Боже, мне уже тридцать три, а я вот только узнала, что психиатр, это не ужас-ужас, а вполне себе выход для находящейся на последнем издыхании матери не самого здорового ребенка.
Сейчас, пока дочка потягивается в постели спросонок, надо успеть написать отчет о самочувствии. Через неделю, если так и будет продолжаться, можно и фото приложить будет. Черные круги под глазами уже не очень заметно и морщин как будто меньше? Кажется, и цвет лица изменился. Не скажу, что оно стало более св е жее, но вроде менее пожеванное и серое.
То есть, я начинаю напоминать человека, а не зомби из фильмов про постапокалипсис.
Красота!
А вот когда мы с дочерью позавтракали и стали собираться на прогулку, началось.
Телефон зазвонил на редкость неудачно: валялся в коляске, куда я как раз укладывала Лизу. Заорал он внезапно, дочь испугалась и в крик. Что же, вот и первое серьезное испытание моей стабильности.
Я вчера писала матери, что мне нужно с ней поговорить. Видимо, она успела прибыть на работу, выпить чаю с коллегами, пожаловаться на неблагодарную дочь, которая не шлет денег уже больше года… и готова выразить все свои претензии мне.

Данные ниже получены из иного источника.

(* Let $b_x,b_y,u_x,u_y,K,\beta$ be positive constants with $u_y>u_x$ and $b_x\geq b_y$, let $h>0$, and set \[ \phi_1(h)=\frac{b_y\left\{1-\exp\left(-\frac{\beta K u_y}{b_y}h\right)\right\}}{\beta K u_y},\qquad \phi_2(h)=h . \] Consider the discrete system \[ X_{n+1}=\frac{X_n(1+\phi_1(h)b_x)}{1+\phi_1(h)\left(\frac{b_x}{K}X_n+\frac{b_x}{K}Y_n+u_x+\beta Y_n\right)},\qquad Y_{n+1}=\frac{Y_n\{1+\phi_2(h)(b_y+\beta X_n)\}}{1+\phi_2(h)\left(\frac{b_y}{K}X_n+\frac{b_y}{K}Y_n+u_y\right)} . \] Let $\bar X=K(1-u_x/b_x)$, $\bar Y=K(1-u_y/b_y)$, $R_0=\frac{b_y}{b_x}\frac{u_x}{u_y}+\frac{\beta}{u_y}\bar X$, and $E_H^*=(X_H^*,Y_H^* )$ with \[ X_H^*=\frac{b_xu_y-b_yu_x-\beta K(b_y-u_y)}{\beta(\beta K+b_x-b_y)},\qquad Y_H^*=\frac{b_yu_x-b_xu_y+\beta K(b_x-u_x)}{\beta(\beta K+b_x-b_y)} . \] Then, for every $h>0$, the system is locally asymptotically stable around the fixed point (i) $E_0^H=(0,0)$ if $b_x<u_x$ and $b_y<u_y$; (ii) $E_1^H=(\bar X,0)$ if $b_x>u_x$ and $R_0<1$; (iii) $E_2^H=(0,\bar Y)$ if $b_y>u_y$ and $\frac{b_xu_y}{b_y}<u_x+\beta K\left(1-\frac{u_y}{b_y}\right)$; (iv) $E_H^*$ if $b_x>u_x$, $b_y>u_y$, $\frac{b_xu_y}{b_y}>u_x+\beta K\left(1-\frac{u_y}{b_y}\right)$ and $R_0>1$.
   Context: This is a nonstandard finite-difference discretization (step size $h$) of a host–parasite model with horizontal and perfect vertical transmission; $X,Y$ are uninfected and infected host densities, $b_x,b_y$ birth rates, $u_x,u_y$ death rates, $K$ carrying capacity, $\beta$ transmission coefficient. The paper assumes throughout that $u_y>u_x$ and $b_x\geq b_y$. A fixed point of the map is called (locally asymptotically) stable if both eigenvalues of the Jacobian of the map at the fixed point have modulus strictly less than $1$. *)

theory Defs
  imports "HOL-Analysis.Analysis"
begin

definition phi1 :: "real \<Rightarrow> real \<Rightarrow> real \<Rightarrow> real \<Rightarrow> real \<Rightarrow> real" where
  "phi1 b_y u_y K \<beta> h = b_y * (1 - exp (- (\<beta> * K * u_y / b_y) * h)) / (\<beta> * K * u_y)"

definition phi2 :: "real \<Rightarrow> real" where
  "phi2 h = h"

definition hp_map ::
  "real \<Rightarrow> real \<Rightarrow> real \<Rightarrow> real \<Rightarrow> real \<Rightarrow> real \<Rightarrow> real \<Rightarrow> real \<times> real \<Rightarrow> real \<times> real" where
  "hp_map b_x b_y u_x u_y K \<beta> h = (\<lambda>(X, Y).
     (X * (1 + phi1 b_y u_y K \<beta> h * b_x) /
        (1 + phi1 b_y u_y K \<beta> h * (b_x / K * X + b_x / K * Y + u_x + \<beta> * Y)),
      Y * (1 + phi2 h * (b_y + \<beta> * X)) /
        (1 + phi2 h * (b_y / K * X + b_y / K * Y + u_y))))"

definition eigenvalues2 :: "real \<Rightarrow> real \<Rightarrow> real \<Rightarrow> real \<Rightarrow> complex set" where
  "eigenvalues2 a11 a12 a21 a22 =
     {z. (of_real a11 - z) * (of_real a22 - z) - of_real a12 * of_real a21 = 0}"

text \<open>p is a locally asymptotically stable fixed point of F: F p = p, F is differentiable
  at p, and both eigenvalues of the Jacobian at p have modulus < 1.  The Jacobian
  is the matrix of the Frechet derivative D: column j is D applied to the j-th unit vector.\<close>
definition stable_fixed_point :: "(real \<times> real \<Rightarrow> real \<times> real) \<Rightarrow> real \<times> real \<Rightarrow> bool" where
  "stable_fixed_point F p \<longleftrightarrow> F p = p \<and>
     (\<exists>D. (F has_derivative D) (at p) \<and>
        (\<forall>z\<in>eigenvalues2 (fst (D (1, 0))) (fst (D (0, 1))) (snd (D (1, 0))) (snd (D (0, 1))).
           cmod z < 1))"

end

theory Submission
  imports Defs
begin

(* Both components of the map have the Kolmogorov form  x * f(x, y),  y * g(x, y)  with  f, g
   ratios of affine functions.  At a fixed point on an axis the Jacobian is triangular, and each
   diagonal entry is either a growth factor, which lies in (0,1) exactly under the stated invasion
   condition, or 1 minus a number in (0,1).  At the endemic point f = g = 1 and the Jacobian is
   I - M with M of positive diagonal; by the Jury criterion (det < 1 and the characteristic
   polynomial positive at 1 and -1) stability reduces to one polynomial inequality, which holds for
   every step size because phi1(h) * beta * K * u_y < b_y. *)

definition linear2 :: "real \<Rightarrow> real \<Rightarrow> real \<Rightarrow> real \<Rightarrow> real \<times> real \<Rightarrow> real \<times> real" where
  "linear2 a11 a12 a21 a22 = (\<lambda>(dx, dy). (a11 * dx + a12 * dy, a21 * dx + a22 * dy))"

definition jury_conditions :: "real \<Rightarrow> real \<Rightarrow> real \<Rightarrow> real \<Rightarrow> bool" where
  "jury_conditions a11 a12 a21 a22 \<longleftrightarrow>
     (let tr = a11 + a22; det = a11 * a22 - a12 * a21
      in det < 1 \<and> 1 - tr + det > 0 \<and> 1 + tr + det > 0)"

lemma jury_conditions_imp_cmod_less_1:
  assumes "jury_conditions a11 a12 a21 a22" "z \<in> eigenvalues2 a11 a12 a21 a22"
  shows "cmod z < 1"
proof -
  define tr det where "tr = a11 + a22" and "det = a11 * a22 - a12 * a21"
  have jury: "det < 1" "1 - tr + det > 0" "1 + tr + det > 0"
    using assms(1) by (simp_all add: jury_conditions_def tr_def det_def Let_def)
  obtain x y where z: "z = Complex x y"
    by (cases z)
  have "(of_real a11 - z) * (of_real a22 - z) - of_real a12 * of_real a21 = 0"
    using assms(2) by (simp add: eigenvalues2_def)
  from arg_cong[OF this, of Re] arg_cong[OF this, of Im]
  have re: "x * x - tr * x + det = y * y" and im: "y * (tr - 2 * x) = 0"
    by (simp_all add: z tr_def det_def algebra_simps)
  show ?thesis
  proof (cases "y = 0")
    case False
    with im have "tr = 2 * x"
      by simp
    with re have "x * x + y * y = det"
      by (simp add: algebra_simps)
    with jury show ?thesis
      by (simp add: z cmod_def power2_eq_square)
  next
    case True
    define w where "w = tr - x"
    have det: "det = x * w" and tr: "tr = x + w"
      using re True by (simp_all add: w_def algebra_simps)
    have "(1 - x) * (1 - w) > 0" "(1 + x) * (1 + w) > 0"
      using jury by (simp_all add: det tr algebra_simps)
    with jury(1) det have "\<bar>x\<bar> < 1"
      by (smt (verit, ccfv_SIG) less_1_mult mult_cancel_right1 mult_diff_mult zero_less_mult_iff)
    then show ?thesis
      by (simp add: z True cmod_def)
  qed
qed

lemma jury_conditions_triangular:
  assumes "a12 * a21 = 0" "\<bar>a11\<bar> < 1" "\<bar>a22\<bar> < 1"
  shows "jury_conditions a11 a12 a21 a22"
proof -
  have "\<bar>a11 * a22\<bar> < 1"
    using abs_mult_less[OF assms(2,3)] by (simp add: abs_mult)
  moreover have "(1 - a11) * (1 - a22) > 0" "(1 + a11) * (1 + a22) > 0"
    using assms(2,3) by (simp_all add: abs_less_iff)
  ultimately show ?thesis
    unfolding jury_conditions_def Let_def assms(1) by (simp add: algebra_simps)
qed

lemma jury_conditions_positive_diagonal:
  assumes "0 < a11" "0 < a22"
    and "0 < (1 - a11) * (1 - a22) - a12 * a21"
    and "(1 - a11) * (1 - a22) - a12 * a21 < (1 - a11) + (1 - a22)"
  shows "jury_conditions a11 a12 a21 a22"
  using assms by (simp add: jury_conditions_def algebra_simps)

lemma stable_fixed_pointI:
  assumes "F p = p" "(F has_derivative linear2 a11 a12 a21 a22) (at p)"
    and "jury_conditions a11 a12 a21 a22"
  shows "stable_fixed_point F p"
  unfolding stable_fixed_point_def
  using assms jury_conditions_imp_cmod_less_1 by (auto simp: linear2_def)

lemma linear_fractional_has_derivative:
  fixes p px py q qx qy x y :: real
  defines "d \<equiv> q + qx * x + qy * y"
  defines "r \<equiv> (p + px * x + py * y) / d"
  assumes "d \<noteq> 0"
  shows "((\<lambda>(x, y). (p + px * x + py * y) / (q + qx * x + qy * y)) has_derivative
           (\<lambda>(dx, dy). (px - r * qx) / d * dx + (py - r * qy) / d * dy)) (at (x, y))"
  unfolding case_prod_beta'
  apply (rule has_derivative_eq_rhs)
   apply (auto intro!: derivative_eq_intros simp: assms(3)[unfolded d_def])[1]
  apply (simp only: d_def[symmetric] fst_conv snd_conv)
  using assms(3) apply (simp add: fun_eq_iff r_def field_simps power2_eq_square)
  done

lemma kolmogorov_map_has_derivative:
  assumes "(f has_derivative (\<lambda>(dx, dy). fx * dx + fy * dy)) (at (x, y))"
    and "(g has_derivative (\<lambda>(dx, dy). gx * dx + gy * dy)) (at (x, y))"
  shows "((\<lambda>(x, y). (x * f (x, y), y * g (x, y))) has_derivative
           linear2 (f (x, y) + x * fx) (x * fy) (y * gx) (g (x, y) + y * gy)) (at (x, y))"
  unfolding case_prod_beta' linear2_def
  apply (rule has_derivative_eq_rhs)
   apply (auto intro!: derivative_eq_intros assms[unfolded case_prod_beta'])[1]
  apply (simp add: fun_eq_iff algebra_simps)
  done

lemma product_ratio_bounds:
  fixes z s d K :: real
  assumes "0 < z" "z < K" "0 < s" "s < d"
  shows "0 < z * s / (K * d)" "z * s / (K * d) < 1"
proof -
  have "z * s < K * d"
    using assms by (intro mult_strict_mono) auto
  then show "z * s / (K * d) < 1"
    using assms by (simp add: divide_less_eq_1)
  show "0 < z * s / (K * d)"
    using assms by simp
qed
(* Let $1\le p<\infty$ and for each positive integer $k$ let $Q_k=1-k+\dfrac{k^{1+1/p}}{(k+1)^{1/p}}$. Then $1-p^{-1}\le Q_k\le 2^{-1/p}$ for every positive integer $k$. *)

theory Defs
  imports Complex_Main
begin

end

theory Submission
  imports Defs "HOL-Analysis.Analysis"
begin

text \<open>With \<open>a = -1/p\<close> and \<open>t = 1/k\<close> one has \<open>Q\<^sub>k = 1 - k + k (1 + t) powr a\<close>, and
  \<open>s \<mapsto> (1 + s) powr a\<close> is convex. Its tangent at \<open>s = 0\<close> gives
  \<open>(1 + t) powr a \<ge> 1 + a t\<close>, i.e. \<open>Q\<^sub>k \<ge> 1 + a\<close>; its chord over \<open>[0, 1]\<close> gives
  \<open>(1 + t) powr a \<le> 1 - t + t 2 powr a\<close>, i.e. \<open>Q\<^sub>k \<le> 2 powr a\<close>.\<close>

lemma convex_on_powr_nonpos:
  fixes a :: real
  assumes "a \<le> 0"
  shows "convex_on {0<..} (\<lambda>x. x powr a)"
proof (rule f''_ge0_imp_convex)
  show "((\<lambda>x. x powr a) has_real_derivative a * x powr (a - 1)) (at x)" if "x \<in> {0<..}" for x
    using that by (auto intro!: derivative_eq_intros)
  show "((\<lambda>x. a * x powr (a - 1)) has_real_derivative a * ((a - 1) * x powr (a - 2))) (at x)"
    if "x \<in> {0<..}" for x
    using that by (auto intro!: derivative_eq_intros simp: diff_diff_eq)
  show "0 \<le> a * ((a - 1) * x powr (a - 2))" if "x \<in> {0<..}" for x
    using assms by (intro mult_nonpos_nonpos mult_nonpos_nonneg) auto
qed auto

lemma Bernoulli_inequality_powr_nonpos:
  fixes a x :: real
  assumes "a \<le> 0" and "-1 < x"
  shows "1 + a * x \<le> (1 + x) powr a"
proof -
  have "a * ((1 + x) - 1) \<le> (1 + x) powr a - 1 powr a"
  proof (rule convex_on_imp_above_tangent[OF convex_on_powr_nonpos[OF assms(1)]])
    show "connected {0::real<..}"
      by (simp add: convex_connected)
    show "(1::real) \<in> interior {0<..}"
      by (simp add: interior_open)
    show "1 + x \<in> {0<..}"
      using assms(2) by simp
    show "((\<lambda>y. y powr a) has_field_derivative a) (at 1 within {0<..})"
      by (auto intro!: derivative_eq_intros)
  qed
  then show ?thesis
    by simp
qed

lemma powr_nonpos_le_chord:
  fixes a t :: real
  assumes "a \<le> 0" and "0 \<le> t" and "t \<le> 1"
  shows "(1 + t) powr a \<le> 1 - t + t * 2 powr a"
proof -
  have "convex_on {1..2} (\<lambda>x. x powr a)"
    using convex_on_powr_nonpos[OF assms(1)] by (rule convex_on_subset) auto
  from convex_onD_Icc'[OF this, of "1 + t"] assms show ?thesis
    by (simp add: algebra_simps)
qed

lemma powr_div_succ_powr_eq:
  fixes p :: real and k :: nat
  assumes "k \<ge> 1"
  shows "real k powr (1 + 1 / p) / real (k + 1) powr (1 / p)
       = real k * (1 + 1 / real k) powr (- 1 / p)"
  using assms
  by (simp add: powr_add powr_minus powr_divide field_simps)

theorem lemma5p8:
  fixes p :: real and k :: nat
  assumes "1 \<le> p" and "k \<ge> 1"
  shows "1 - 1 / p \<le> 1 - real k + real k powr (1 + 1 / p) / real (k + 1) powr (1 / p)
       \<and> 1 - real k + real k powr (1 + 1 / p) / real (k + 1) powr (1 / p) \<le> 2 powr (- 1 / p)"
proof -
  define a where "a = - 1 / p"
  define t where "t = 1 / real k"
  have a: "a \<le> 0" and t: "0 < t" "t \<le> 1" and kt: "real k * t = 1"
    using assms by (auto simp: a_def t_def)
  have Q: "real k powr (1 + 1 / p) / real (k + 1) powr (1 / p) = real k * (1 + t) powr a"
    using powr_div_succ_powr_eq[OF assms(2)] by (simp add: a_def t_def)
  have lower: "real k + a \<le> real k * (1 + t) powr a"
  proof -
    have "real k + a = real k * (1 + a * t)"
      using kt by (simp add: ring_distribs flip: mult.assoc)
    also have "\<dots> \<le> real k * (1 + t) powr a"
      using Bernoulli_inequality_powr_nonpos[OF a, of t] t by (intro mult_left_mono) auto
    finally show ?thesis .
  qed
  have upper: "real k * (1 + t) powr a \<le> real k - 1 + 2 powr a"
  proof -
    have "real k * (1 + t) powr a \<le> real k * (1 - t + t * 2 powr a)"
      using powr_nonpos_le_chord[OF a] t by (intro mult_left_mono) auto
    also have "\<dots> = real k - 1 + 2 powr a"
      using kt by (simp add: ring_distribs flip: mult.assoc)
    finally show ?thesis .
  qed
  have "1 - 1 / p = 1 + a"
    by (simp add: a_def)
  then show ?thesis
    using lower upper unfolding Q a_def[symmetric] by linarith
qed

end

Ничего в этой жизни не дается даром, Лада.
Помни про операцию для Лизы!
— Опять у тебя проблемы? А я говорила, что слушать надо мать и мужа! — начало вполне в духе родительницы. Да.
— Здравствуй, мама. Спасибо, что позвонила. Есть очень важный вопрос, который я хочу с тобой обсудить.
— Фу-ты, ну-ты, это что еще за тон, а?
— Мама, ставлю тебя в известность, что я продаю свою долю в бабушкиной квартире. Вика, как второй собственник жилплощади, имеет приоритетное право на приобретение моей доли. Вы готовы ее выкупить?
— Чего?
— Мама, я продаю свою часть квартиры, в которой сейчас, насколько мне известно, живет Вика со своим мужчиной.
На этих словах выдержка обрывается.